Difficile pourtant de mener les deux cursus de front. « L’année du master, j’étais en cycle DEM, avec une dizaine d’heures de cours au conservatoire… J’ai dû arrêter la musique. » Mais Pierre n’abandonne pas tout à fait l’idée de tenter sa chance dans la musique : « Je ne savais pas encore quelle forme mon double parcours allait prendre, mais je savais que je voulais le faire. » Deux ans plus tard, il entre au Conservatoire de Paris. C’est au tour du droit d’être exclu. « Quand vous avez l’habitude de plancher sur des bouquins, vous aimez être dans une bibliothèque, dans cette ambiance studieuse et calme, de concentration… C’est presque de la méditation. Cela apaise, c’est une hygiène de vie. »

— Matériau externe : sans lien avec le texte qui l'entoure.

lemma Bgrp_clear_col_V_col:
  assumes TP: "T \<subseteq> P n" and B: "B \<in> Bgrp n T" and m: "m < n" and l: "l \<in> {m + 2..n}"
  defines "v \<equiv> V n B *\<^sub>v ev n (m + 1)"
  shows "V n (Sv n v (m + 1) * B) *\<^sub>v ev n l = V n B *\<^sub>v ev n l"
proof (rule eq_vecI)
  fix a assume "a < dim_vec (V n B *\<^sub>v ev n l)"
  then have a: "a < 2*n" by (simp add: V_def)
  have j: "m + 1 \<in> {1..2*n}" and l1: "l \<in> {1..n}" and l2: "l - 1 < 2*n" using m l by auto
  have Bc: "B \<in> carrier_mat (2*n) (2*n)" using Bgrp_carrier_mat[OF TP B] .
  have "(Sv n v (m + 1) * B) $$ (a, l - 1) = B $$ (a, l - 1)" if "a \<le> 2*n - l"
  proof -
    have "B $$ (m, l - 1) = 0" using Bgrp_upper[OF TP B _ l2, of m] l m by auto
    moreover have "a \<noteq> 2*n - (m + 1)" using that l m by auto
    ultimately show ?thesis using index_Sv_mult[OF _ Bc a l2 j] by (simp add: v_def)
  qed
  then show "(V n (Sv n v (m + 1) * B) *\<^sub>v ev n l) $ a = (V n B *\<^sub>v ev n l) $ a"
    using index_V_col[OF l1 a] by auto
qed (simp add: V_def)

lemma Bgrp_factorization_from:
  assumes TP: "T \<subseteq> P n" and tr: "transitive_rel T" and rc: "reversal_closed n T"
  shows "B \<in> Bgrp n T \<Longrightarrow> leading_id_cols n m B \<Longrightarrow> m \<le> n \<Longrightarrow>
    B = prodm (2*n) (map (\<lambda>j. Sv n (V n B *\<^sub>v ev n j) j) [m + 1..<n + 1])"
proof (induction "n - m" arbitrary: m B)
  case 0
  then show ?case using Bgrp_leading_id_cols_eq_one[OF TP] by simp
next
  case (Suc k)
  note B = Suc.prems(1) and cols = Suc.prems(2)
  have m: "m < n" and j: "m + 1 \<in> {1..n}" "m + 1 \<in> {1..2*n}" using Suc.hyps(2) by auto
  define v where "v = V n B *\<^sub>v ev n (m + 1)"
  define B' where "B' = Sv n v (m + 1) * B"
  have v: "supported_on_Gens n T (m + 1) v"
    unfolding v_def using V_col_supported_on_Gens[OF TP B j(1)] .
  have B': "B' \<in> Bgrp n T" unfolding B'_def
    using mult_Bgrp[OF TP tr supported_on_Gens_Sv_Bgrp[OF TP rc j(1) v] B] .
  have "B' = prodm (2*n) (map (\<lambda>j. Sv n (V n B' *\<^sub>v ev n j) j) [m + 2..<n + 1])"
    using Suc.hyps(1)[of "m + 1" B'] Suc.hyps(2) B' m Bgrp_clear_col[OF TP B cols m]
    by (simp add: B'_def v_def)
  moreover have "map (\<lambda>j. Sv n (V n B' *\<^sub>v ev n j) j) [m + 2..<n + 1]
      = map (\<lambda>j. Sv n (V n B *\<^sub>v ev n j) j) [m + 2..<n + 1]"
    using Bgrp_clear_col_V_col[OF TP B m] by (intro map_cong) (auto simp: B'_def v_def)
  ultimately have IH: "B' = prodm (2*n) (map (\<lambda>j. Sv n (V n B *\<^sub>v ev n j) j) [m + 2..<n + 1])"
    by (simp only:)
  have Bc: "B \<in> carrier_mat (2*n) (2*n)" using Bgrp_carrier_mat[OF TP B] .
  have vc: "v \<in> carrier_vec (2*n)" and vj: "v $ (m + 1 - 1) = 0"
    using supported_on_Gens_diag[OF v j(1)] unfolding v_def by auto
  have "Sv n v (m + 1) * B' = (Sv n v (m + 1) * Sv n v (m + 1)) * B"
    unfolding B'_def using vc Bc by (simp add: assoc_mult_mat[of _ "2*n" "2*n" _ "2*n" _ "2*n"])
  then have B_eq: "B = Sv n v (m + 1) * B'"
    using Sv_involution[OF vc j(2) vj] Bc by simp
  have "[m + 1..<n + 1] = (m + 1) # [m + 2..<n + 1]"
    using m by (simp add: upt_rec)
  then show ?case using B_eq IH by (simp add: v_def)
qed

lemma Bgrp_factorization:
  assumes TP: "T \<subseteq> P n" and tr: "transitive_rel T" and rc: "reversal_closed n T"
    and B: "B \<in> Bgrp n T"
  shows "B = prodm (2*n) (map (\<lambda>j. Sv n (V n B *\<^sub>v ev n j) j) [1..<n + 1])"
  using Bgrp_factorization_from[OF TP tr rc B, of 0] by (simp add: leading_id_cols_def)

section \<open>The generated group\<close>

lemma Gens_Bgrp: "T \<subseteq> P n \<Longrightarrow> reversal_closed n T \<Longrightarrow> Gens n T \<subseteq> Bgrp n T"
  unfolding Gens_def using S_Bgrp by blast

lemma gen_prods_subset_Bgrp:
  assumes TP: "T \<subseteq> P n" and tr: "transitive_rel T" and rc: "reversal_closed n T"
  shows "gen_prods n T \<subseteq> Bgrp n T"
proof
  fix A assume "A \<in> gen_prods n T"
  then obtain gs where "set gs \<subseteq> Gens n T" "A = prodm (2*n) gs"
    unfolding gen_prods_def by blast
  then show "A \<in> Bgrp n T"
    using Gens_Bgrp[OF TP rc]
    by (induction gs arbitrary: A) (auto simp: one_Bgrp[OF TP] mult_Bgrp[OF TP tr])
qed

lemma Bgrp_subset_gen_prods:
  assumes TP: "T \<subseteq> P n" and tr: "transitive_rel T" and rc: "reversal_closed n T"
  shows "Bgrp n T \<subseteq> gen_prods n T"
proof
  fix B assume B: "B \<in> Bgrp n T"
  have "Sv n (V n B *\<^sub>v ev n j) j \<in> gen_prods n T" if "j \<in> {1..n}" for j
    using Sv_gen_prods[OF tr rc that V_col_supported_on_Gens[OF TP B that]] .
  then have "prodm (2*n) (map (\<lambda>j. Sv n (V n B *\<^sub>v ev n j) j) [1..<n + 1]) \<in> gen_prods n T"
    by (intro prodm_gen_prods) auto
  then show "B \<in> gen_prods n T" using Bgrp_factorization[OF TP tr rc B] by simp
qed

lemma Gens_involution:
  assumes TP: "T \<subseteq> P n" and g: "g \<in> Gens n T" shows "g * g = 1\<^sub>m (2*n)"
proof -
  obtain i j where g_eq: "g = S n i j" and ij: "(i, j) \<in> T" using g unfolding Gens_def by auto
  have i: "i \<in> {1..2*n}" and j: "j \<in> {1..2*n}" and ne: "i \<noteq> j" using ij TP unfolding P_def by auto
  have "ev (2*n) i $ (j - 1) = 0" using i j ne by (auto simp: index_ev)
  then show ?thesis unfolding g_eq S_eq_Sv[OF i j ne] by (rule Sv_involution[OF ev_carrier_vec j])
qed

lemma gen_prods_left_inverse:
  assumes TP: "T \<subseteq> P n" and A: "A \<in> gen_prods n T"
  shows "\<exists>A' \<in> gen_prods n T. A' * A = 1\<^sub>m (2*n)"
proof -
  obtain gs where "set gs \<subseteq> Gens n T" "A = prodm (2*n) gs"
    using A unfolding gen_prods_def by blast
  then show ?thesis
  proof (induction gs arbitrary: A)
    case Nil
    then show ?case by (intro bexI[OF _ one_gen_prods]) simp
  next
    case (Cons g gs)
    then obtain Q where Q: "Q \<in> gen_prods n T" "Q * prodm (2*n) gs = 1\<^sub>m (2*n)" by auto
    have g: "g \<in> Gens n T" "g \<in> carrier_mat (2*n) (2*n)" using Cons.prems Gens_carrier_mat by auto
    have P: "prodm (2*n) gs \<in> carrier_mat (2*n) (2*n)"
      using Cons.prems(1) Gens_carrier_mat by (intro prodm_carrier_mat) auto
    have "Q * g * (g * prodm (2*n) gs) = Q * (g * g) * prodm (2*n) gs"
      using Q(1) g(2) P
      by (simp add: gen_prods_carrier_mat assoc_mult_mat[of _ "2*n" "2*n" _ "2*n" _ "2*n"])
    also have "\<dots> = 1\<^sub>m (2*n)"
      using Gens_involution[OF TP g(1)] Q gen_prods_carrier_mat[OF Q(1)] by simp
    finally show ?case
      using mult_gen_prods[OF Q(1) Gens_gen_prods[OF g(1)]] Cons.prems(2) by auto
  qed
qed
(* Let $\phi_*\in(0,\pi/2)$, $R\ge33.2r$, and consider the billiard map on $Q(\phi_*,R)$. For $x\in M_r$ with $n_1\ge2$, letting $\tau_0=|p(x_0)p(x_1)|$ and $\tau_1=|p(F^{n_1}x_1)p(x_2)|$, one has $$\tau_0<\tfrac23 d_0+\tfrac23 d_1\quad\text{and}\quad\tau_1<\tfrac23 d_1+\tfrac23 d_2.$$
   Context: Setting: $r=1$, $Q(\phi_*,R)=D(O_r,r)\cap D(O_R,R)$ with $|O_rO_R|=\sqrt{R^2-r^2\sin^2\phi_*}-r\cos\phi_*$; boundary arcs $\Gamma_r\subset\partial D(O_r,r)$ (position angles $[\phi_*,2\pi-\phi_*]$) and $\Gamma_R\subset\partial D(O_R,R)$. Phase space $M=M_r\sqcup M_R$, coordinates $(\phi,\theta)$ with $\theta\in(0,\pi)$ the angle from the positive tangent direction; $p(x)$ the base point; $F$ the billiard map. $M_r^{out}=M_r\cap F^{-1}(M_R)$, $M_R^{out}=M_R\cap F^{-1}(M_r)$. For $x\in M_r$: $x_0=F^{n_0}x$ with $n_0=\inf\{n\ge0:F^nx\in M_r^{out}\}$, $x_1=Fx_0$, $n_1=\inf\{n\ge0:F^nx_1\in M_R^{out}\}$, $x_2=F^{n_1+1}x_1$; $d_0=r\sin\theta(x_0)$, $d_1=R\sin\theta(x_1)$, $d_2=r\sin\theta(x_2)$. *)

theory Defs
  imports Complex_Main
begin

text \<open>Billiard table Q(phs,R) = D(O_r,1) \<inter> D(O_R,R) in the complex plane, with r = 1,
  O_r = 0 and O_R = -|O_r O_R| on the real axis.  The arc Gamma_r consists of the points
  cis phi with phs \<le> phi \<le> 2 pi - phs; the arc Gamma_R consists of the points
  O_R + R cis psi with |psi| \<le> arcsin (sin phs / R) (angle around O_R).\<close>

datatype comp = Cr | CR

text \<open>A phase point is (component, position angle phi, angle theta from the positive
  (counterclockwise) tangent direction).\<close>
type_synonym phase = "comp \<times> real \<times> real"

definition centre_dist :: "real \<Rightarrow> real \<Rightarrow> real" where
  "centre_dist phs R = sqrt (R\<^sup>2 - (sin phs)\<^sup>2) - cos phs"

definition O_R :: "real \<Rightarrow> real \<Rightarrow> complex" where
  "O_R phs R = - complex_of_real (centre_dist phs R)"

definition psi_star :: "real \<Rightarrow> real \<Rightarrow> real" where
  "psi_star phs R = arcsin (sin phs / R)"

definition phi_of :: "phase \<Rightarrow> real" where "phi_of x = fst (snd x)"
definition theta_of :: "phase \<Rightarrow> real" where "theta_of x = snd (snd x)"

definition valid_phase :: "real \<Rightarrow> real \<Rightarrow> phase \<Rightarrow> bool" where
  "valid_phase phs R x \<longleftrightarrow> 0 < theta_of x \<and> theta_of x < pi \<and>
     (fst x = Cr \<longrightarrow> phs \<le> phi_of x \<and> phi_of x \<le> 2 * pi - phs) \<and>
     (fst x = CR \<longrightarrow> - psi_star phs R \<le> phi_of x \<and> phi_of x \<le> psi_star phs R)"

definition non_corner :: "real \<Rightarrow> real \<Rightarrow> phase \<Rightarrow> bool" where
  "non_corner phs R x \<longleftrightarrow>
     (fst x = Cr \<longrightarrow> phs < phi_of x \<and> phi_of x < 2 * pi - phs) \<and>
     (fst x = CR \<longrightarrow> - psi_star phs R < phi_of x \<and> phi_of x < psi_star phs R)"

definition Mr :: "real \<Rightarrow> real \<Rightarrow> phase set" where
  "Mr phs R = {x. valid_phase phs R x \<and> fst x = Cr}"

definition MR :: "real \<Rightarrow> real \<Rightarrow> phase set" where
  "MR phs R = {x. valid_phase phs R x \<and> fst x = CR}"

definition pos :: "real \<Rightarrow> real \<Rightarrow> phase \<Rightarrow> complex" where
  "pos phs R x = (case fst x of
      Cr \<Rightarrow> cis (phi_of x)
    | CR \<Rightarrow> O_R phs R + complex_of_real R * cis (phi_of x))"

definition tangent :: "phase \<Rightarrow> complex" where
  "tangent x = \<i> * cis (phi_of x)"

definition vel :: "phase \<Rightarrow> complex" where
  "vel x = cis (theta_of x) * tangent x"

text \<open>One billiard step x \<mapsto> y: y is the next collision with the boundary along the ray
  from p(x) in direction vel x, at a non-corner point, and the outgoing velocity is the
  reflection of the incoming velocity in the tangent line at p(y).\<close>
definition bstep :: "real \<Rightarrow> real \<Rightarrow> phase \<Rightarrow> phase \<Rightarrow> bool" where
  "bstep phs R x y \<longleftrightarrow> valid_phase phs R x \<and> valid_phase phs R y \<and> non_corner phs R y \<and>
     (\<exists>t>0. pos phs R y = pos phs R x + complex_of_real t * vel x) \<and>
     vel y = (tangent y)\<^sup>2 * cnj (vel x)"

text \<open>The billiard map F (meaningful where bstep holds).\<close>
definition bmap :: "real \<Rightarrow> real \<Rightarrow> phase \<Rightarrow> phase" where
  "bmap phs R x = (THE y. bstep phs R x y)"

definition Mr_out :: "real \<Rightarrow> real \<Rightarrow> phase set" where
  "Mr_out phs R = {x \<in> Mr phs R. bmap phs R x \<in> MR phs R}"

definition MR_out :: "real \<Rightarrow> real \<Rightarrow> phase set" where
  "MR_out phs R = {x \<in> MR phs R. bmap phs R x \<in> Mr phs R}"

end

theory Submission
  imports Defs
begin

text \<open>The two estimates are exchanged by time reversal, which replaces the angle \<theta> by pi - \<theta>;
  so it suffices to bound a chord of length \<tau> from a point Q0 of Gamma_r to the point
  Q1 = O_R + R cis \<psi> of Gamma_R, followed by at least two more collisions with Gamma_R.
  Along Gamma_R the billiard keeps \<theta> and advances the position angle by 2\<theta>, so these
  collisions force \<psi> + 4\<theta> \<le> \<psi>* (after a reflection in the real axis when \<theta> > pi/2).
  Since Q0 lies on the unit circle and in D(O_R,R), the chord cannot lie in the open unit disc,
  which forces \<psi>* \<le> 2\<theta> - \<psi>.  These angle bounds give S = sin (\<theta> - \<psi>) \<approx> sin phs / R.
  By Pythagoras on the chord, d0 = \<tau> - \<langle>Q1, direction\<rangle>, and the claim
  \<tau> < 2/3 (d0 + R sin \<theta>) becomes \<tau> < 2 |O_r O_R| S, which in turn reduces to
  R cos \<psi> - R cos \<psi>* < 2 S (2 |O_r O_R| S - R sin \<theta>).  The left side is at most
  R - R cos \<psi>* \<approx> (sin phs)^2 / (2R), and for R \<ge> 33.2 the error terms fit.\<close>

lemma sin_three_halves_le:
  assumes "0 \<le> u" "u \<le> pi/2"
  shows "sin (3 * u / 2) \<le> 2 * sin u"
proof -
  have "sin (3 * u / 2) = sin u * cos (u/2) + cos u * sin (u/2)"
    using sin_add[of u "u/2"] by (simp add: field_simps)
  moreover have "sin u * cos (u/2) \<le> sin u"
    using assms by (intro mult_left_le) (auto intro: sin_ge_zero)
  moreover have "cos u * sin (u/2) \<le> sin (u/2)"
    using assms by (intro mult_left_le_one_le) (auto intro!: sin_ge_zero cos_ge_zero)
  moreover have "sin (u/2) \<le> sin u"
    using assms by (subst sin_mono_le_eq) auto
  ultimately show ?thesis by linarith
qed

La basse se fait alors repérer par William Christie et enchaîne les productions, souvent en tant que soliste, avec Les Arts florissants : Aix-en-Provence, New York, Moscou… Un agenda bien fourni qui ne l’empêche pas de sortir diplômé de l’École des notaires de Paris, en 2007. Sa spécialité ? La succession internationale. « Avec la mondialisation, il y a de plus en plus de mariages binationaux et de gens qui ont des biens à l’étranger. Ce sont souvent des affaires passionnantes. » Pierre se définissait jusque-là comme « notaire volant ». Il travaillait ponctuellement avec plusieurs études. Une formule qui lui permettait de garder une relative indépendance. Aujourd’hui, il compte ouvrir son étude et a fait une demande de nomination à La Rochelle et à Paris. « Cela est possible depuis la loi Macron, destinée à ouvrir la profession. » Particulièrement impliqué dans la réforme de son métier, Pierre fait partie d’un groupe de jeunes diplômés qui militent dans ce sens auprès de Bercy. « Le métier de notaire manque beaucoup de femmes : elles ne sont que 20 % ! »

Le notaire prendrait-il le pas sur le chanteur ? « Ma demande de nomination pourrait le laisser penser, et pourtant… Je n’ai jamais été en si grande forme vocale, et j’enchaîne les concerts. » Pierre compte d’ailleurs trouver un agent. Il concède qu’il n’est pas facile de jongler entre deux métiers si différents : « Le chant à haut niveau est très exigeant. » Mais son second métier le tranquillise : « C’est une manière d’assurer ses arrières dans un milieu où les carrières sont particulièrement fragiles. » Le musicien se souvient de la transition difficile entre le CNSMD et la vie professionnelle : « Ce n’est pas parce que vous avez un diplôme de conservatoire que vous devenez chanteur lyrique. Alors que quand vous sortez de la fac de médecine… vous êtes médecin. On peut être le meilleur des élèves et ne pas réussir à construire une carrière. »

La mezzo Yete Queiroz a chanté aux côtés de Pierre à plusieurs reprises. « J’ai fait appel à lui lors d’une affaire de succession familiale, et j’ai retrouvé la même empathie et la même sensibilité chez le juriste que chez le musicien. »

S’il ne croit « pas trop » à l’astrologie, Pierre glisse tout de même qu’il est Balance, un signe zodiacal qui le fait sourire. « “Il faut faire un choix”, je l’ai entendu tellement de fois : des amis, des conseils de fin de concert, des gens qui me disent que ce sera trop compliqué. J’ai souvent fait l’un puis l’autre métier, mais ma vie… c’est de faire les deux ! » En même temps.